A similar map for compounds similar to zyh-72 [and one of the starting "Near Neighbour" set TCMDC 123563] in this dataset is posted here.
Also [on the two pages linked above] are two original networks that were generated using cytoscape ( If you install the cytoscape plugin "ChemViz", (, you can right click a node and view the compound structure. You can also view the target of the compound.
I think networks are useful way of visualizing/integrating different types of information (for example and I would be interested to hear if you had any thoughts of how to make this type of visualization more useful.

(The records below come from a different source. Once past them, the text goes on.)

(* For every $\epsilon>0$ the following two limits hold: $$\lim_{N\to\infty}\Pr\left(\frac1{N^2}\left|\log\frac{P_{Y^{N\times N}}(Y^{N\times N})}{P_{Y^{N\times N}|X_{sf},\Phi}(Y^{N\times N}|X_{sf},\Phi)}\right|<\frac\epsilon2\right)=1,$$ $$\lim_{N\to\infty}\Pr\left(\frac1{N^2}\left|\log\frac{P_{Y^{N\times N}|X^{N\times N}}(Y^{N\times N}|X^{N\times N})}{P_{Y^{N\times N}|X^{N\times N},\Phi}(Y^{N\times N}|X^{N\times N},\Phi)}\right|<\frac\epsilon2\right)=1.$$
   Context: ReRAM channel model. Fix resistances $0<R_1<R_0$ and $R_s>0$, and for $x,v\in\{0,1\}$ define $R_x(v)=\bigl(1/R_x+(1-x)v/R_s\bigr)^{-1}$. Fix $\sigma>0$, an integer $K\ge0$, $0<q<1$, and a probability vector $(p_0,\dots,p_K)$. For each $N$, the input $X^{N\times N}$ has i.i.d. Bernoulli$(q)$ entries. The SF pattern $\Phi\subseteq\{1,\dots,N\}^2$ is random with $\Pr(\Phi=\varphi)=p_k/\binom{N^2}{k}$ when $|\varphi|=k\le K$. The noise $Z_{m,n}\sim\mathcal N(0,\sigma^2)$ is i.i.d. The three objects $X$, $\Phi$ and $Z$ are mutually independent. The output is $$Y_{m,n}=R_{X_{m,n}}\Bigl(\bigvee_{(i,j)\in\Phi}X_{m,j}X_{i,j}X_{i,n}\Bigr)+Z_{m,n}.$$ For $(i,j)\in\Phi$, row $i$ is called an SF row and column $j$ an SF column. $X_{sf}$ denotes the collection of entries of $X^{N\times N}$ lying in SF rows or SF columns. The notation $P_{Y|X_{sf},\Phi}$, $P_{Y|X}$, $P_{Y|X,\Phi}$ and $P_Y$ denotes the corresponding (conditional) densities of $Y^{N\times N}$, and $\log$ is the natural logarithm. *)

theory Defs
  imports "HOL-Probability.Probability"
begin

text \<open>Channel parameters: R0 R1 Rs (resistances), sigma (noise std), q (Bernoulli
  parameter), K (max number of SF cells), p (probability vector p 0 .. p K).\<close>

definition grid :: "nat \<Rightarrow> (nat \<times> nat) set" where
  "grid N = {1..N} \<times> {1..N}"

definition inputs :: "nat \<Rightarrow> ((nat \<times> nat) \<Rightarrow> bool) set" where
  "inputs N = PiE (grid N) (\<lambda>_. UNIV)"

definition patterns :: "nat \<Rightarrow> nat \<Rightarrow> (nat \<times> nat) set set" where
  "patterns K N = {\<phi>. \<phi> \<subseteq> grid N \<and> card \<phi> \<le> K}"

definition bern :: "real \<Rightarrow> bool \<Rightarrow> real" where
  "bern q b = (if b then q else 1 - q)"

definition prX :: "real \<Rightarrow> nat \<Rightarrow> ((nat \<times> nat) \<Rightarrow> bool) \<Rightarrow> real" where
  "prX q N x = (\<Prod>c\<in>grid N. bern q (x c))"
lemma coordinate_le_lq_norm:
  fixes a :: "'i \<Rightarrow> real"
  assumes "finite I" "k \<in> I" "\<And>i. i \<in> I \<Longrightarrow> a i \<ge> 0" "q > 0"
  shows "a k \<le> (\<Sum>i\<in>I. a i powr q) powr (1 / q)"
proof -
  have "a k powr q \<le> (\<Sum>i\<in>I. a i powr q)"
    using assms(1,2) by (intro member_le_sum) simp_all
  then have "(a k powr q) powr (1 / q) \<le> (\<Sum>i\<in>I. a i powr q) powr (1 / q)"
    using assms(4) by (intro powr_mono2) auto
  moreover have "(a k powr q) powr (1 / q) = a k"
    using assms(2-4) by (simp add: powr_powr)
  ultimately show ?thesis by simp
qed

locale posterior_model = prob_space Mx for Mx :: "'x measure" +
  fixes post :: "'x \<Rightarrow> 'h::finite \<Rightarrow> real"
  assumes post_measurable[measurable]: "\<And>h. (\<lambda>x. post x h) \<in> borel_measurable Mx"
    and post_pos: "\<And>x h. x \<in> space Mx \<Longrightarrow> post x h > 0"
    and post_sum: "\<And>x. x \<in> space Mx \<Longrightarrow> (\<Sum>h\<in>UNIV. post x h) = 1"
begin

lemma post_le_one: "x \<in> space Mx \<Longrightarrow> post x h \<le> 1"
  using member_le_sum[of h UNIV "post x"] post_pos post_sum by (fastforce simp: less_imp_le)

lemma Tp_measurable[measurable]: "Tp p post \<in> borel_measurable Mx"
  unfolding Tp_def by measurable

lemma Tp_pos: "x \<in> space Mx \<Longrightarrow> Tp p post x > 0"
  unfolding Tp_def using post_pos[of x] by (intro sum_pos) (simp_all add: less_imp_neq[symmetric])

text \<open>For p > 1 all summands of Tp are at most 1, so Tp is bounded by the number of
  hypotheses; in particular Tp^((p-1)/p) is integrable.\<close>

lemma Tp_le_card:
  assumes "p > 1" "x \<in> space Mx"
  shows "Tp p post x \<le> real CARD('h)"
proof -
  have "Tp p post x \<le> (\<Sum>h\<in>(UNIV::'h set). 1)"
    unfolding Tp_def using assms post_pos post_le_one
    by (intro sum_mono powr_le1) (auto simp: less_imp_le)
  then show ?thesis by simp
qed

lemma integrable_Tp_powr:
  assumes "p > 1"
  shows "integrable Mx (\<lambda>x. Tp p post x powr ((p - 1) / p))"
proof (rule integrable_const_bound[where B = "real CARD('h) powr ((p - 1) / p)"])
  show "AE x in Mx. norm (Tp p post x powr ((p - 1) / p)) \<le> real CARD('h) powr ((p - 1) / p)"
    using assms Tp_pos Tp_le_card by (intro AE_I2) (auto intro!: powr_mono2 simp: less_imp_le)
qed measurable

lemma hoelder_bound:
  assumes p: "p > 1"
    and \<zeta>_pos: "\<And>x. x \<in> space Mx \<Longrightarrow> \<zeta> x > 0"
    and \<zeta>_int: "integrable Mx \<zeta>"
    and g_int: "integrable Mx (\<lambda>x. \<zeta> x powr (1 / (1 - p)) * Tp p post x)"
  shows "(\<integral>x. Tp p post x powr ((p - 1) / p) \<partial>Mx)
      \<le> (\<integral>x. \<zeta> x \<partial>Mx) powr (1 / p)
         * (\<integral>x. \<zeta> x powr (1 / (1 - p)) * Tp p post x \<partial>Mx) powr ((p - 1) / p)"
proof -
  let ?g = "\<lambda>x. \<zeta> x powr (1 / (1 - p)) * Tp p post x"
  have g_pos: "?g x > 0" if "x \<in> space Mx" for x
    using \<zeta>_pos[OF that] Tp_pos[OF that] by simp
  have cancel: "\<zeta> x powr (1 / p) * ?g x powr ((p - 1) / p) = Tp p post x powr ((p - 1) / p)"
    if "x \<in> space Mx" for x
    using powr_conjugate_cancel p \<zeta>_pos that by blast
  have "integrable Mx (\<lambda>x. \<zeta> x powr (1 / p) * ?g x powr ((p - 1) / p))"
    using integrable_Tp_powr[OF p] by (subst Bochner_Integration.integrable_cong[OF refl cancel]) auto
  then have "(\<integral>x. \<zeta> x powr (1 / p) * ?g x powr ((p - 1) / p) \<partial>Mx)
      \<le> (\<integral>x. \<zeta> x \<partial>Mx) powr (1 / p) * (\<integral>x. ?g x \<partial>Mx) powr ((p - 1) / p)"
    using p \<zeta>_pos \<zeta>_int g_int g_pos
    by (intro hoelder_inequality_pos) (auto simp: field_simps)
  moreover have "(\<integral>x. \<zeta> x powr (1 / p) * ?g x powr ((p - 1) / p) \<partial>Mx)
      = (\<integral>x. Tp p post x powr ((p - 1) / p) \<partial>Mx)"
    using cancel by (intro Bochner_Integration.integral_cong) auto
  ultimately show ?thesis by simp
qed
lemma cheeger1D:
  assumes "cheeger1 M P \<Omega> E"
  shows "P E = h * emeasure M E" "E \<in> sets M" "msub M E \<Omega>" "0 < emeasure M E"
  using assms ennreal_divide_eq_iff[of "emeasure M E" "P E" h]
  by (auto simp: cheeger1_def cheeger_competitor_def)

lemma P_le_h_mult_emeasure_if_tendsto:
  assumes [measurable]: "A \<in> sets M" "\<And>k. As k \<in> sets M"
    and conv: "(\<lambda>k. emeasure M ((As k - A) \<union> (A - As k))) \<longlonglongrightarrow> 0"
    and le: "\<And>k. P (As k) \<le> h * emeasure M (As k)"
  shows "P A \<le> h * emeasure M A"
proof -
  define d where "d k = emeasure M ((As k - A) \<union> (A - As k))" for k
  have "P (As k) \<le> h * (emeasure M A + d k)" for k
  proof -
    have "emeasure M (As k) \<le> emeasure M (A \<union> ((As k - A) \<union> (A - As k)))"
      by (intro emeasure_mono) auto
    also have "\<dots> \<le> emeasure M A + d k"
      unfolding d_def by (intro emeasure_subadditive) auto
    finally show ?thesis
      using le[of k] by (meson mult_left_mono order_trans zero_le)
  qed
  moreover have "(\<lambda>k. h * (emeasure M A + d k)) \<longlonglongrightarrow> h * (emeasure M A + 0)"
    using h_less_top conv unfolding d_def
    by (intro ennreal_tendsto_cmult tendsto_add tendsto_const) auto
  ultimately have "liminf (\<lambda>k. P (As k)) \<le> h * emeasure M A"
    using Liminf_mono[of "\<lambda>k. P (As k)" "\<lambda>k. h * (emeasure M A + d k)" sequentially]
      lim_imp_Liminf[of sequentially] by fastforce
  moreover have "P A \<le> liminf (\<lambda>k. P (As k))"
    using P_lsc[of As A] conv by (simp add: nn_integral_abs_indicator_diff)
  ultimately show ?thesis
    by simp
qed

lemma BV0_borel_measurable: "BV0 M P \<Omega> u \<Longrightarrow> u \<in> borel_measurable M"
  by (auto simp: BV0_def BV_def)

lemma BV0_support_msub:
  assumes "BV0 M P \<Omega> u" "A \<in> sets M" "A \<subseteq> {x \<in> space M. u x \<noteq> 0}"
  shows "msub M A \<Omega>"
proof -
  have [measurable]: "u \<in> borel_measurable M"
    using BV0_borel_measurable[OF assms(1)] .
  have "AE x in M. ennreal \<bar>u x\<bar> * indicator (space M - \<Omega>) x = 0"
    using assms(1) sets_\<Omega> by (subst nn_integral_0_iff_AE[symmetric]) (auto simp: BV0_def)
  then have "AE x in M. x \<notin> A - \<Omega>"
    using assms(3) by (auto elim!: eventually_mono simp: indicator_def)
  then have "A - \<Omega> \<in> null_sets M"
    using assms(2) sets_\<Omega> by (subst AE_iff_null_sets) auto
  then show ?thesis
    by (auto simp: msub_def)
qed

For example the similarity measure I am using may not be finding molecules that you would expect to find.

Purchasable compound similarity maps


Request for Help

There are over 5 million compounds that are available to purchase according to the meta service, E-molecules (
It is worth exploring these in the context of the OSDD project as it will identify compound series' that are very easy to explore by purchasing analogues (i.e SAR by catalogue) aswell as identifying compounds that are potentially more sythetically accessible than others (i.e. if there many close neighbours these compounds might be easier to make than others). 
To this end I have generate three chemical similarity maps, showing compounds that are very similar to known anti-malarial's that can be purchased.

Maps generated

1) Centered on ~40 compounds synthesized by OSDD:
This is particularly interesting, as there are many compounds similar to ZYH 3-1 that could be purchased exploring both ends of the molecule.
2) Centered on ~550 compounds from GSK priortized into ~40 compounds series
This is interesting as it clearly identifies high priority series that are easier to follow up on than others based on the premise that if there are many close analogs available, it should be cheaper/easier to follow up on these clusters compared to clusters with no close analogs available.For example, the paper highlights five clusters for follow on work. #31 has the most similar available compounds  (~100 compounds), while #18 has the least, 1, which would suggest to me that it is much more efficient to follow up on the compounds in cluster #31 than any of the other high priority clusters. There are other very interesting clusters too, which perhaps have more interesting chemistry.
3)  Centered on ~400 compounds in the Malaria open box
Likewise, certain compounds in the Malria open box have many more close neighbours than others which could help prioritize compounds for the community.

It would be great to get feedback on this approach, namely:

1) Does this type of visualization work for chemists? Is it straightforward to download cytoscape, install ChemViz and load the network?
2) What do we know about the SAR about these compounds? This would help to priortize/focus our search on chemical space. While I used ECFP_4 fingerprints, other similarity measures can prioritize other features differently (e.g. if we know a paticular substructure is key, then all compounds should contain it etc)
3) While I think the network view is great for a global overview of the compounds available (and can be overlayed with any other types of data that we can thing of, such as predicted targets etc), perhaps there is a better visualization for a smaller number of compounds?